#### Data ####

text \<open>With \<open>x = z - c\<close> this is \<open>x\<^sup>2 D\<^sup>2 - 2(k+1) x D + (k+1)(k+2)\<close>, which multiplies
  \<open>x\<^sup>m\<close> by \<open>(m-k-1)(m-k-2)\<close>; so it lowers degree \<open>k+2\<close> to \<open>k+1\<close>, and
  \<open>L(f) g - f L(g)\<close> is a combination of \<open>W(f,g)\<close> and \<open>W(f,g)'\<close> that vanishes
  when \<open>W(f,g)\<close> is a multiple of \<open>x\<^bsup>2k+2\<^esup>\<close>.\<close>

definition euler_op :: "'a::idom \<Rightarrow> nat \<Rightarrow> 'a poly \<Rightarrow> 'a poly" where
  "euler_op c k p = [:-c,1:] * ([:-c,1:] * pderiv (pderiv p))
     - smult (of_nat (2*(k+1))) ([:-c,1:] * pderiv p) + smult (of_nat ((k+1)*(k+2))) p"

lemma euler_op_wronskian:
  "euler_op c k f * g - f * euler_op c k g =
     [:-c,1:] * ([:-c,1:] * pderiv (wronskian f g))
       - smult (of_nat (2*(k+1))) ([:-c,1:] * wronskian f g)"
proof -
  have smult_conv: "smult a p = [:a:] * p" for a and p :: "'a poly" by simp
  show ?thesis
    unfolding euler_op_def pderiv_wronskian unfolding wronskian_def smult_conv by algebra
qed

lemma poly_euler_op: "poly (euler_op c k p) c = of_nat ((k+1)*(k+2)) * poly p c"
  by (simp add: euler_op_def)

lemma coeff_linear_mult_Suc:
  fixes c :: "'a::comm_ring_1"
  shows "coeff ([:-c,1:] * q) (Suc n) = coeff q n - c * coeff q (Suc n)"
  by simp

lemma degree_euler_op:
  fixes p :: "'a::idom poly"
  assumes deg: "degree p \<le> k+2"
  shows "degree (euler_op c k p) \<le> k+1"
proof (rule degree_le, intro allI impI)
  fix m assume "k+1 < m"
  define j where "j = m - 2"
  then have m: "m = Suc (Suc j)" and "k \<le> j" using \<open>k+1 < m\<close> by simp_all
  have high: "coeff p (Suc (Suc (Suc j))) = 0" "coeff p (Suc (Suc (Suc (Suc j)))) = 0"
    using deg \<open>k \<le> j\<close> by (simp_all add: coeff_eq_0)
  have "coeff ([:-c,1:] * ([:-c,1:] * pderiv (pderiv p))) m
      = of_nat (Suc j) * of_nat (Suc (Suc j)) * coeff p (Suc (Suc j))"
    unfolding m coeff_linear_mult_Suc using high by (simp add: coeff_pderiv del: of_nat_Suc)
  moreover have "coeff ([:-c,1:] * pderiv p) m = of_nat (Suc (Suc j)) * coeff p (Suc (Suc j))"
    unfolding m coeff_linear_mult_Suc using high by (simp add: coeff_pderiv del: of_nat_Suc)
  ultimately have "coeff (euler_op c k p) m = (of_nat (Suc j) * of_nat (Suc (Suc j))
      - of_nat (2*(k+1)) * of_nat (Suc (Suc j)) + of_nat ((k+1)*(k+2))) * coeff p (Suc (Suc j))"
    unfolding euler_op_def coeff_add coeff_diff coeff_smult
    by (simp add: m algebra_simps del: of_nat_Suc)
  also have "\<dots> = 0"
  proof (cases "j = k")
    case True
    have "Suc k * Suc (Suc k) + (k+1)*(k+2) = 2*(k+1) * Suc (Suc k)" by simp
    then have "of_nat (Suc k) * of_nat (Suc (Suc k)) + of_nat ((k+1)*(k+2))
        = (of_nat (2*(k+1)) * of_nat (Suc (Suc k)) :: 'a)"
      by (metis of_nat_add of_nat_mult)
    then have "of_nat (Suc k) * of_nat (Suc (Suc k)) - of_nat (2*(k+1)) * of_nat (Suc (Suc k))
        + of_nat ((k+1)*(k+2)) = (0 :: 'a)"
      by (simp add: algebra_simps del: of_nat_Suc of_nat_add of_nat_mult)
    then show ?thesis using True by simp
  next
    case False
    then show ?thesis using deg \<open>k \<le> j\<close> by (simp add: coeff_eq_0)
  qed
  finally show "coeff (euler_op c k p) m = 0" .
qed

####

* [Assignment]:
Copy out the entire material exactly.

* [Task output]:
text \<open>With \<open>x = z - c\<close> this is \<open>x\<^sup>2 D\<^sup>2 - 2(k+1) x D + (k+1)(k+2)\<close>, which multiplies
  \<open>x\<^sup>m\<close> by \<open>(m-k-1)(m-k-2)\<close>; so it lowers degree \<open>k+2\<close> to \<open>k+1\<close>, and
  \<open>L(f) g - f L(g)\<close> is a combination of \<open>W(f,g)\<close> and \<open>W(f,g)'\<close> that vanishes
  when \<open>W(f,g)\<close> is a multiple of \<open>x\<^bsup>2k+2\<^esup>\<close>.\<close>

definition euler_op :: "'a::idom \<Rightarrow> nat \<Rightarrow> 'a poly \<Rightarrow> 'a poly" where
  "euler_op c k p = [:-c,1:] * ([:-c,1:] * pderiv (pderiv p))
     - smult (of_nat (2*(k+1))) ([:-c,1:] * pderiv p) + smult (of_nat ((k+1)*(k+2))) p"

lemma euler_op_wronskian:
  "euler_op c k f * g - f * euler_op c k g =
     [:-c,1:] * ([:-c,1:] * pderiv (wronskian f g))
       - smult (of_nat (2*(k+1))) ([:-c,1:] * wronskian f g)"
proof -
  have smult_conv: "smult a p = [:a:] * p" for a and p :: "'a poly" by simp
  show ?thesis
    unfolding euler_op_def pderiv_wronskian unfolding wronskian_def smult_conv by algebra
qed

lemma poly_euler_op: "poly (euler_op c k p) c = of_nat ((k+1)*(k+2)) * poly p c"
  by (simp add: euler_op_def)

lemma coeff_linear_mult_Suc:
  fixes c :: "'a::comm_ring_1"
  shows "coeff ([:-c,1:] * q) (Suc n) = coeff q n - c * coeff q (Suc n)"
  by simp

lemma degree_euler_op:
  fixes p :: "'a::idom poly"
  assumes deg: "degree p \<le> k+2"
  shows "degree (euler_op c k p) \<le> k+1"
proof (rule degree_le, intro allI impI)
  fix m assume "k+1 < m"
  define j where "j = m - 2"
  then have m: "m = Suc (Suc j)" and "k \<le> j" using \<open>k+1 < m\<close> by simp_all
  have high: "coeff p (Suc (Suc (Suc j))) = 0" "coeff p (Suc (Suc (Suc (Suc j)))) = 0"
    using deg \<open>k \<le> j\<close> by (simp_all add: coeff_eq_0)
  have "coeff ([:-c,1:] * ([:-c,1:] * pderiv (pderiv p))) m
      = of_nat (Suc j) * of_nat (Suc (Suc j)) * coeff p (Suc (Suc j))"
    unfolding m coeff_linear_mult_Suc using high by (simp add: coeff_pderiv del: of_nat_Suc)
  moreover have "coeff ([:-c,1:] * pderiv p) m = of_nat (Suc (Suc j)) * coeff p (Suc (Suc j))"
    unfolding m coeff_linear_mult_Suc using high by (simp add: coeff_pderiv del: of_nat_Suc)
  ultimately have "coeff (euler_op c k p) m = (of_nat (Suc j) * of_nat (Suc (Suc j))
      - of_nat (2*(k+1)) * of_nat (Suc (Suc j)) + of_nat ((k+1)*(k+2))) * coeff p (Suc (Suc j))"
    unfolding euler_op_def coeff_add coeff_diff coeff_smult
    by (simp add: m algebra_simps del: of_nat_Suc)
  also have "\<dots> = 0"
  proof (cases "j = k")
    case True
    have "Suc k * Suc (Suc k) + (k+1)*(k+2) = 2*(k+1) * Suc (Suc k)" by simp
    then have "of_nat (Suc k) * of_nat (Suc (Suc k)) + of_nat ((k+1)*(k+2))
        = (of_nat (2*(k+1)) * of_nat (Suc (Suc k)) :: 'a)"
      by (metis of_nat_add of_nat_mult)
    then have "of_nat (Suc k) * of_nat (Suc (Suc k)) - of_nat (2*(k+1)) * of_nat (Suc (Suc k))
        + of_nat ((k+1)*(k+2)) = (0 :: 'a)"
      by (simp add: algebra_simps del: of_nat_Suc of_nat_add of_nat_mult)
    then show ?thesis using True by simp
  next
    case False
    then show ?thesis using deg \<open>k \<le> j\<close> by (simp add: coeff_eq_0)
  qed
  finally show "coeff (euler_op c k p) m = 0" .
qed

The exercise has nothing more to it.